Впереди было пять дней плавания, пять дней беззаботного, блаженного отдыха и романтического ожидания неизвестного — это настроило всех на особый, идиллический лад. Еще бы, нас уже ничто не могло больше потревожить, кроме бурного моря. Но, может быть, оно не захочет под нами бушевать? Мы плыли по Северному морю, впереди был Гавр и соблазнительнейший Париж. У всех отличное настроение. На палубе веселье, шутки и розыгрыши.
Первая остановка в Киле. «Андрей Жданов» замедлил ход, приблизилась шлюпка, и на борт поднялся немецкий лоцман. Он поведет теплоход по трудному фарватеру Кильского канала. Внешне лоцман — типичный бюргер, какими мы привыкли их себе представлять,— толстый, с красным обветренным лицом. В петлице свастика. Фашист. Поднявшись на палубу, лоцман тотчас выбрасывает вперед правую руку.

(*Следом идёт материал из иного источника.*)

lemma N_clean_left:
  assumes clean: "N_clean (A, r) b c" and abcd: "N_config (A, r) a b c d"
  shows "N_clean (A, r) a c"
  unfolding N_clean_def snd_conv
proof (intro allI impI conjI)
  fix a' d' assume a'acd': "N_config (A, r) a' a c d'"
  have bc: "(b, c) \<notin> N_diag (A, r)" using clean by (rule N_clean_imp_not_N_diag)
  have ac: "(a, c) \<notin> N_diag (A, r)" using clean abcd unfolding N_clean_def snd_conv by blast
  then show "(a', d') \<in> r" using a'acd' by (rule N_config_imp_le[rotated])
  show "(a', c) \<notin> N_diag (A, r)"
  proof (cases "a' = b")
    case False
    then have "N_config (A, r) a' b c d" using abcd a'acd' unfolding N_config_def by blast
    then show ?thesis using clean unfolding N_clean_def snd_conv by blast
  qed (use bc in simp)
  (* As neither (b, c) nor (a, c) is an N-diagonal, every upper cover of a other than c
     covers b too; so an N with diagonal (a, d') would yield one with diagonal (b, d'). *)
  have covers_b: "covers (A, r) b e" if "covers (A, r) a e" "e \<noteq> c" for e
  proof -
    have "N_config (A, r) b a c e" using abcd that unfolding N_config_def by blast
    then have "(b, e) \<in> r" using ac by (rule N_config_imp_le)
    then show ?thesis using covers_of_sibling[OF bc] abcd that unfolding N_config_def by blast
  qed
  show "(a, d') \<notin> N_diag (A, r)"
  proof
    assume "(a, d') \<in> N_diag (A, r)"
    then obtain a'' d'' where N: "N_config (A, r) a'' a d' d''" "(a'', d'') \<notin> r"
      unfolding N_diag_def is_N_iff by blast
    have bd': "covers (A, r) b d'" using covers_b a'acd' unfolding N_config_def by blast
    have bd'': "covers (A, r) b d''"
      using covers_b[of d''] N(1) abcd unfolding N_config_def by blast
    have "a'' \<noteq> b" using N(2) bd'' covers_iff by blast
    then have "is_N (A, r) a'' b d' d''" using N bd' bd'' unfolding is_N_iff N_config_def by blast
    moreover have "N_config (A, r) a b c d'" using abcd a'acd' bd' unfolding N_config_def by blast
    ultimately show False using clean unfolding N_clean_def snd_conv N_diag_def by blast
  qed
qed

end

lemma (in finite_poset) N_clean_right:
  assumes "N_clean (A, r) b c" and "N_config (A, r) a b c d"
  shows "N_clean (A, r) b d"
proof -
  interpret dual: finite_poset A "r\<inverse>"
    using finite_carrier partial_order by unfold_locales simp_all
  show ?thesis
    using dual.N_clean_left assms by (simp add: N_clean_converse N_config_converse)
qed

locale subdivision = finite_poset A r for A :: "'a set" and r +
  fixes k :: "'a \<times> 'a \<Rightarrow> nat"
begin

abbreviation "V \<equiv> sd_carrier (A, r) k"
abbreviation "E \<equiv> sd_edges (A, r) k"
abbreviation "S \<equiv> subdiv (A, r) k"

fun sd_less :: "'a + ('a \<times> 'a \<times> nat) \<Rightarrow> 'a + ('a \<times> 'a \<times> nat) \<Rightarrow> bool" where
  "sd_less (Inl x) (Inl y) \<longleftrightarrow> (x, y) \<in> r \<and> x \<noteq> y"
| "sd_less (Inl x) (Inr (p, q, j)) \<longleftrightarrow> (x, p) \<in> r"
| "sd_less (Inr (p, q, i)) (Inl y) \<longleftrightarrow> (q, y) \<in> r"
| "sd_less (Inr (p, q, i)) (Inr (p', q', j)) \<longleftrightarrow> (p = p' \<and> q = q' \<and> i < j) \<or> (q, p') \<in> r"

lemma Inl_in_V [simp]: "Inl x \<in> V \<longleftrightarrow> x \<in> A"
  unfolding sd_carrier_def by auto

lemma Inr_in_V [simp]: "Inr (p, q, j) \<in> V \<longleftrightarrow> covers (A, r) p q \<and> 1 \<le> j \<and> j \<le> k (p, q)"
  unfolding sd_carrier_def Diag_def by auto

lemma sd_node_in_V: "covers (A, r) x y \<Longrightarrow> i \<le> Suc (k (x, y)) \<Longrightarrow> sd_node k x y i \<in> V"
  unfolding sd_node_def using covers_in_carrier by auto

lemma E_iff:
  "(u, v) \<in> E \<longleftrightarrow> (\<exists>x y i. covers (A, r) x y \<and> i \<le> k (x, y) \<and>
     u = sd_node k x y i \<and> v = sd_node k x y (Suc i))"
  unfolding sd_edges_def Diag_def by auto

lemma E_imp_sd_less: "(u, v) \<in> E \<Longrightarrow> u \<in> V \<and> v \<in> V \<and> sd_less u v"
  unfolding E_iff using sd_node_in_V covers_in_carrier
  by (fastforce simp: sd_node_def covers_iff refl)

lemma sd_less_trans: "u \<in> V \<Longrightarrow> v \<in> V \<Longrightarrow> w \<in> V \<Longrightarrow> sd_less u v \<Longrightarrow> sd_less v w \<Longrightarrow> sd_less u w"
  by (cases u; cases v; cases w) (auto simp: covers_iff, (meson trans antisym)+)

lemma sd_less_irrefl: "u \<in> V \<Longrightarrow> \<not> sd_less u u"
  by (cases u) (auto simp: covers_iff dest: antisym)

lemma sd_node_chain:
  assumes "covers (A, r) x y" "i < j" "j \<le> Suc (k (x, y))"
  shows "(sd_node k x y i, sd_node k x y j) \<in> E\<^sup>+"
  using assms(2,3)
proof (induction j)
  case (Suc j)
  have step: "(sd_node k x y j, sd_node k x y (Suc j)) \<in> E"
    using assms(1) Suc.prems E_iff by auto
  show ?case
  proof (cases "i = j")
    case False
    then have "(sd_node k x y i, sd_node k x y j) \<in> E\<^sup>+" using Suc by simp
    with step show ?thesis by simp
  qed (use step in simp)
qed simp

lemma Inl_rtrancl_E: "(x, y) \<in> r \<Longrightarrow> (Inl x, Inl y) \<in> E\<^sup>*"
proof (cases "x = y")
  case False
  assume "(x, y) \<in> r"
  then have "(x, y) \<in> (Diag (A, r))\<^sup>+" using False by (rule less_imp_Diag_trancl)
  then have "(Inl x, Inl y) \<in> E\<^sup>+"
  proof (induction rule: trancl_induct)
    case (base z)
    then show ?case using sd_node_chain[of x z 0 "Suc (k (x, z))"] by (simp add: Diag_def sd_node_def)
  next
    case (step z w)
    then have "(Inl z, Inl w) \<in> E\<^sup>+"
      using sd_node_chain[of z w 0 "Suc (k (z, w))"] by (simp add: Diag_def sd_node_def)
    with step.IH show ?case by simp
  qed
  then show ?thesis by simp
qed simp

lemma Inl_E_trancl_Inr: "Inr (p, q, j) \<in> V \<Longrightarrow> (Inl p, Inr (p, q, j)) \<in> E\<^sup>+"
  using sd_node_chain[of p q 0 j] by (auto simp: sd_node_def)

lemma Inr_E_trancl_Inl: "Inr (p, q, j) \<in> V \<Longrightarrow> (Inr (p, q, j), Inl q) \<in> E\<^sup>+"
  using sd_node_chain[of p q j "Suc (k (p, q))"] by (auto simp: sd_node_def)

lemma trancl_E_iff: "(u, v) \<in> E\<^sup>+ \<longleftrightarrow> u \<in> V \<and> v \<in> V \<and> sd_less u v"
proof
  show "(u, v) \<in> E\<^sup>+ \<Longrightarrow> u \<in> V \<and> v \<in> V \<and> sd_less u v"
    by (induction rule: trancl_induct) (auto dest: E_imp_sd_less intro: sd_less_trans)
next
  assume uv: "u \<in> V \<and> v \<in> V \<and> sd_less u v"
  then show "(u, v) \<in> E\<^sup>+"
  proof (cases "(u, v)" rule: sd_less.cases)
    case (1 x y)
    then show ?thesis using uv Inl_rtrancl_E[of x y] by (auto simp: rtrancl_eq_or_trancl)
  next
    case (2 x p q j)
    then show ?thesis using uv Inl_rtrancl_E[of x p] Inl_E_trancl_Inr[of p q j] by auto
  next
    case (3 p q i y)
    then show ?thesis using uv Inr_E_trancl_Inl[of p q i] Inl_rtrancl_E[of q y] by auto
  next
    case (4 p q i p' q' j)
    then show ?thesis
      using uv sd_node_chain[of p q i j] Inr_E_trancl_Inl[of p q i] Inl_rtrancl_E[of q p']
        Inl_E_trancl_Inr[of p' q' j]
      by (auto simp: sd_node_def intro: trancl_trans)
  qed
qed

По морскому обычаю, ему вынесли огромный бутерброд с жирной ветчиной и стакан водки — хлеб-соль, так сказать. Когда лоцман выпил, крякнул и закусил, его подвели к штурвалу.
Это первое в моей жизни столкновение с живым фашистом в его, так сказать, мирном, повседневном быту запомнилось мне навсегда с удивительной резкостью. Но теперь, когда я узнал, что такое настоящий фашизм в действии, когда в нашу жизнь трагически вошли Майданек, Лидице, Орадур, я понимаю, какими наивными были мои первые впечатления от «живого» фашиста.
Помню, что от фигуры этого лоцмана я перевел взгляд на небо. Оно было покрыто тучами. На берегу, вдалеке, фабричные и заводские трубы извергали клубы дыма. От этого серый день стал еще более мрачным. На таком фоне особенно ярким показался мне развевающийся на мачте наш алый флаг.
Внизу на пристани продавцы мелочей и сувениров рекламировали свой товар. Мы с любопытством разглядывали незнакомую нам жизнь. Суетились немногочисленные пассажиры, сновало несколько торговцев с лотками. Прошла колонна гитлерюгенд — двенадцати-четырнадцатилених детей. Формой своей одежды они чем-то напоминали бойскаутов: короткие штаны, костюм цвета хаки, черные галстуки, на рукавах черные свастики, на поясах кинжальчики.
Кто-то с нашего теплохода бросил продавцу монетку. Парнишка с черным галстуком вырвался из ряда, наподдал ее ногой и с непонятной для нормального человека озверелостью тут же бросился к продавцу, вышиб лоток и ударил его, пожилого человека. До нас долетели оскорбительные, грубые слова и в адрес бросившего монету, и всех пассажиров нашего теплохода, и даже советского флага. Я понял несколько фраз:
— Нечего стоять здесь и смотреть на этих! Чего ты тут не видел? Отойди отсюда. — Торговец быстро ушел.
Вот каким мрачным оказалось наше первое заграничное впечатление. К сожалению, оно не было последним.
Мы стояли на палубе, когда раздался скрежет швартовых. Я глянул вниз и увидел, что они натянулись до предела. Вот-вот лопнут и тогда... даже страшно подумать, что будет тогда. Сорвавшееся судно врежется в пристань, а там люди... Сначала мы не поняли, как это получилось, но потом нам рассказали, что кто-то, видимо, тот, кто командует в шлюзе, подал неверную команду «полный вперед» вместо «назад» — только и всего. Исправляя ошибку, мы ударили в борт стоявшее рядом судно. Нашлись, видимо, люди, которые радовались, что провокация удалась и что нам придется платить за ремонт. Но наш капитан сумел доказать что это случилось не по нашей вине.
Вечером мы с облегчением покинули негостеприимный порт. Капитан на радостях — он был веселый человек — задал нам ужин, а мы устроили концерт. Дальнейшее плавание проходило спокойно. Мы благополучно прибыли в Гавр, где до парижского поезда было несколько свободных часов. Весь город и даже его центр увидеть за два-три часа было невозможно, поэтому пришлось ограничиться припортовыми улицами.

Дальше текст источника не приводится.